◆ **Exercise prompt**
Go through the data and count each line that has the string "shows". Give that count alone.

+++ Record set

lemma cinst_trans:
  assumes "cinst F \<alpha> \<beta>" "cinst F \<beta> \<gamma>"
  shows "cinst F \<alpha> \<gamma>"
proof -
  obtain C A R s where \<alpha>: "\<alpha> = (C, A, R, s)" by (cases \<alpha>) auto
  obtain C1 A1 R1 s1 where \<beta>: "\<beta> = (C1, A1, R1, s1)" by (cases \<beta>) auto
  obtain C2 A2 R2 s2 where \<gamma>: "\<gamma> = (C2, A2, R2, s2)" by (cases \<gamma>) auto
  from assms(1) obtain \<theta>1 D1 where 1: "R1 = R" "fst ` D1 \<subseteq> cpreds F"
    "C1 = asubst \<theta>1 ` C \<union> D1" "A1 = asubst \<theta>1 ` A" "s1 = asubst \<theta>1 s"
    unfolding cinst_def \<alpha> \<beta> by auto
  from assms(2) obtain \<theta>2 D2 where 2: "R2 = R1" "fst ` D2 \<subseteq> cpreds F"
    "C2 = asubst \<theta>2 ` C1 \<union> D2" "A2 = asubst \<theta>2 ` A1" "s2 = asubst \<theta>2 s1" "consistent F C2"
    unfolding cinst_def \<beta> \<gamma> by auto
  let ?\<theta> = "\<lambda>x. tsubst \<theta>2 (\<theta>1 x)" and ?D = "asubst \<theta>2 ` D1 \<union> D2"
  have "fst ` ?D \<subseteq> cpreds F" using 1 2 by (auto simp: image_iff)
  moreover have "C2 = asubst ?\<theta> ` C \<union> ?D"
    using 1 2 by (auto simp: image_Un image_image asubst_asubst)
  moreover have "A2 = asubst ?\<theta> ` A" "s2 = asubst ?\<theta> s"
    using 1 2 by (auto simp: image_image asubst_asubst)
  ultimately show ?thesis using 1 2 unfolding cinst_def \<alpha> \<gamma> by auto
qed

definition node_bind :: "('v \<Rightarrow> 'v) \<Rightarrow> ('p,'f,'v) rule \<Rightarrow> ('p,'f,'v) atom \<Rightarrow> 'v \<Rightarrow> ('f,'v) trm" where
  "node_bind \<rho> r a = bind (map var_of (snd (fst (rename \<rho> r)))) (snd a)"

lemma wf_tree_ANode:
  "wf_tree F (ANode a r \<rho> cs) \<longleftrightarrow>
     r \<in> rules F \<and> inj \<rho> \<and> fst (fst (rename \<rho> r)) = fst a \<and>
     length (snd (fst (rename \<rho> r))) = length (snd a) \<and>
     (if snd (rename \<rho> r) = [] then cs = [ATrue]
      else map label cs = map (Some \<circ> asubst (node_bind \<rho> r a)) (snd (rename \<rho> r))) \<and>
     (\<forall>c\<in>set cs. wf_tree F c)"
  by (simp add: node_bind_def Let_def)

lemma asubst_node_bind:
  "\<forall>x\<in>avars b. \<sigma> x = Var x \<Longrightarrow>
   asubst \<sigma> (asubst (node_bind \<rho> r a) b) = asubst (node_bind \<rho> r (asubst \<sigma> a)) b"
  by (simp add: node_bind_def asubst_bind) (simp add: asubst_def)

function relabel :: "('p,'f,'v) atom \<Rightarrow> ('p,'f,'v) atree \<Rightarrow> ('p,'f,'v) atree" where
  "relabel a (ALeaf b) = ALeaf a"
| "relabel a ATrue = ATrue"
| "relabel a (ANode b r \<rho> cs) =
     ANode a r \<rho> (map (\<lambda>i. relabel (asubst (node_bind \<rho> r a) (snd (rename \<rho> r) ! i)) (cs ! i))
       [0..<length cs])"
  by pat_completeness auto
termination
  by (relation "measure (\<lambda>(a, t). size t)")
    (auto intro: le_less_trans[OF size_list_estimation'] nth_mem)

lemma tcopies_relabel: "tcopies (relabel a t) = tcopies t"
proof (induction a t rule: relabel.induct)
  case (3 a b r \<rho> cs)
  then have "map tcopies (map (\<lambda>i. relabel (asubst (node_bind \<rho> r a) (snd (rename \<rho> r) ! i)) (cs ! i))
      [0..<length cs]) = map tcopies cs"
    by (intro nth_equalityI) simp_all
  then show ?case by simp
qed auto

lemma trules_relabel: "trules (relabel a t) = trules t"
proof (induction a t rule: relabel.induct)
  case (3 a b r \<rho> cs)
  then have "map trules (map (\<lambda>i. relabel (asubst (node_bind \<rho> r a) (snd (rename \<rho> r) ! i)) (cs ! i))
      [0..<length cs]) = map trules cs"
    by (intro nth_equalityI) simp_all
  then show ?case by (simp only: relabel.simps trules.simps image_set)
qed auto

lemma label_relabel: "t \<noteq> ATrue \<Longrightarrow> label (relabel a t) = Some a"
  by (cases t) auto

definition copy_vars :: "('p,'f,'v) atree \<Rightarrow> 'v set" where
  "copy_vars t = (\<Union>r\<in>set (tcopies t). rvars r)"

lemma copy_vars_child: "c \<in> set cs \<Longrightarrow> copy_vars c \<subseteq> copy_vars (ANode a r \<rho> cs)"
  by (auto simp: copy_vars_def)

lemma relabel_premises_child:
  assumes wf: "wf_tree F (ANode b r \<rho> cs)" and b: "b = asubst \<sigma> a"
    and fixed: "\<forall>x\<in>copy_vars (ANode b r \<rho> cs). \<sigma> x = Var x"
    and i: "i < length cs" "cs ! i \<noteq> ATrue"
  shows "wf_tree F (cs ! i)"
    and "label (cs ! i) = Some (asubst \<sigma> (asubst (node_bind \<rho> r a) (snd (rename \<rho> r) ! i)))"
    and "\<forall>x\<in>copy_vars (cs ! i). \<sigma> x = Var x"
proof -
  let ?bd = "snd (rename \<rho> r)"
  show "wf_tree F (cs ! i)" using wf i by simp
  show "\<forall>x\<in>copy_vars (cs ! i). \<sigma> x = Var x"
    using fixed copy_vars_child[OF nth_mem[OF i(1)]] by blast
  have "?bd \<noteq> []" using wf i unfolding wf_tree_ANode by (auto simp: less_Suc_eq)
  then have labels: "map label cs = map (Some \<circ> asubst (node_bind \<rho> r (asubst \<sigma> a))) ?bd"
    using wf b unfolding wf_tree_ANode by simp
  then have "i < length ?bd" using i by (metis length_map)
  \<comment> \<open>\<sigma> fixes the rule copy, so it commutes past the node substitution\<close>
  then have "\<forall>x\<in>avars (?bd ! i). \<sigma> x = Var x" using fixed by (auto simp: rvars_def copy_vars_def)
  then show "label (cs ! i) = Some (asubst \<sigma> (asubst (node_bind \<rho> r a) (?bd ! i)))"
    using labels i \<open>i < length ?bd\<close> by (simp add: asubst_node_bind) (metis comp_apply nth_map)
qed

lemma wf_tree_relabel:
  assumes "wf_tree F t" "label t = Some (asubst \<sigma> a)" "\<forall>x\<in>copy_vars t. \<sigma> x = Var x"
  shows "wf_tree F (relabel a t)"
  using assms
proof (induction a t rule: relabel.induct)
  case (3 a b r \<rho> cs)
  let ?bd = "snd (rename \<rho> r)" and ?\<theta> = "node_bind \<rho> r a"
  let ?cs' = "map (\<lambda>i. relabel (asubst ?\<theta> (?bd ! i)) (cs ! i)) [0..<length cs]"
  have b: "b = asubst \<sigma> a" using "3.prems"(2) by simp
  then have wf: "wf_tree F (ANode (asubst \<sigma> a) r \<rho> cs)" using "3.prems"(1) by blast
  have children: "wf_tree F (?cs' ! i) \<and> (cs ! i \<noteq> ATrue \<longrightarrow> label (?cs' ! i) = Some (asubst ?\<theta> (?bd ! i)))"
    if "i < length cs" for i
  proof (cases "cs ! i = ATrue")
    case False
    then show ?thesis
      using "3.IH" relabel_premises_child[OF "3.prems"(1) b "3.prems"(3) that False] that
      by (simp add: label_relabel)
  qed (simp add: that)
  show ?case
  proof (cases "?bd = []")
    case True
    then show ?thesis using wf unfolding wf_tree_ANode by (simp add: asubst_def)
  next
    case False
    then have "map label cs = map (Some \<circ> asubst (node_bind \<rho> r (asubst \<sigma> a))) ?bd"
      using wf unfolding wf_tree_ANode by simp
    then have len: "length cs = length ?bd" by (metis length_map)
    have "cs ! i \<noteq> ATrue" if "i < length cs" for i
      using nth_map[of i cs label] \<open>map label cs = _\<close> that len by auto
    then have "map label ?cs' = map (Some \<circ> asubst ?\<theta>) ?bd"
      using children len by (intro nth_equalityI) auto
    then show ?thesis
      using wf False children unfolding wf_tree_ANode relabel.simps
      by (auto simp: asubst_def in_set_conv_nth)
  qed
qed auto

lemma tleaves_relabel:
  assumes "wf_tree F t" "label t = Some (asubst \<sigma> a)" "\<forall>x\<in>copy_vars t. \<sigma> x = Var x"
  shows "tleaves t = asubst \<sigma> ` tleaves (relabel a t)"
  using assms
proof (induction a t rule: relabel.induct)
  case (3 a b r \<rho> cs)
  let ?bd = "snd (rename \<rho> r)" and ?\<theta> = "node_bind \<rho> r a"
  let ?cs' = "map (\<lambda>i. relabel (asubst ?\<theta> (?bd ! i)) (cs ! i)) [0..<length cs]"
  have b: "b = asubst \<sigma> a" using "3.prems"(2) by simp
  have "tleaves (cs ! i) = asubst \<sigma> ` tleaves (?cs' ! i)" if "i < length cs" for i
  proof (cases "cs ! i = ATrue")
    case False
    then show ?thesis
      using "3.IH" relabel_premises_child[OF "3.prems"(1) b "3.prems"(3) that False] that by simp
  qed (simp add: that)
  then have "map tleaves cs = map (\<lambda>c. asubst \<sigma> ` tleaves c) ?cs'"
    by (intro nth_equalityI) auto
  then have "tleaves ` set cs = (\<lambda>c. asubst \<sigma> ` tleaves c) ` set ?cs'"
    by (simp only: image_set)
  then show ?case by (simp only: relabel.simps tleaves.simps image_UN)
qed auto

lemma renamed_apart_relabel:
  assumes "renamed_apart t" "avars a \<inter> copy_vars t = {}"
  shows "renamed_apart (relabel a t)"
proof (cases "t = ATrue")
  case False
  have "rvars (tcopies t ! i) \<inter> avars a = {}" if "i < length (tcopies t)" for i
    using assms(2) nth_mem[OF that] by (auto simp: copy_vars_def)
  then show ?thesis
    using assms(1) False by (simp add: renamed_apart_def Let_def tcopies_relabel label_relabel)
qed (use assms in simp)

++++++

◆ **Written solution**
5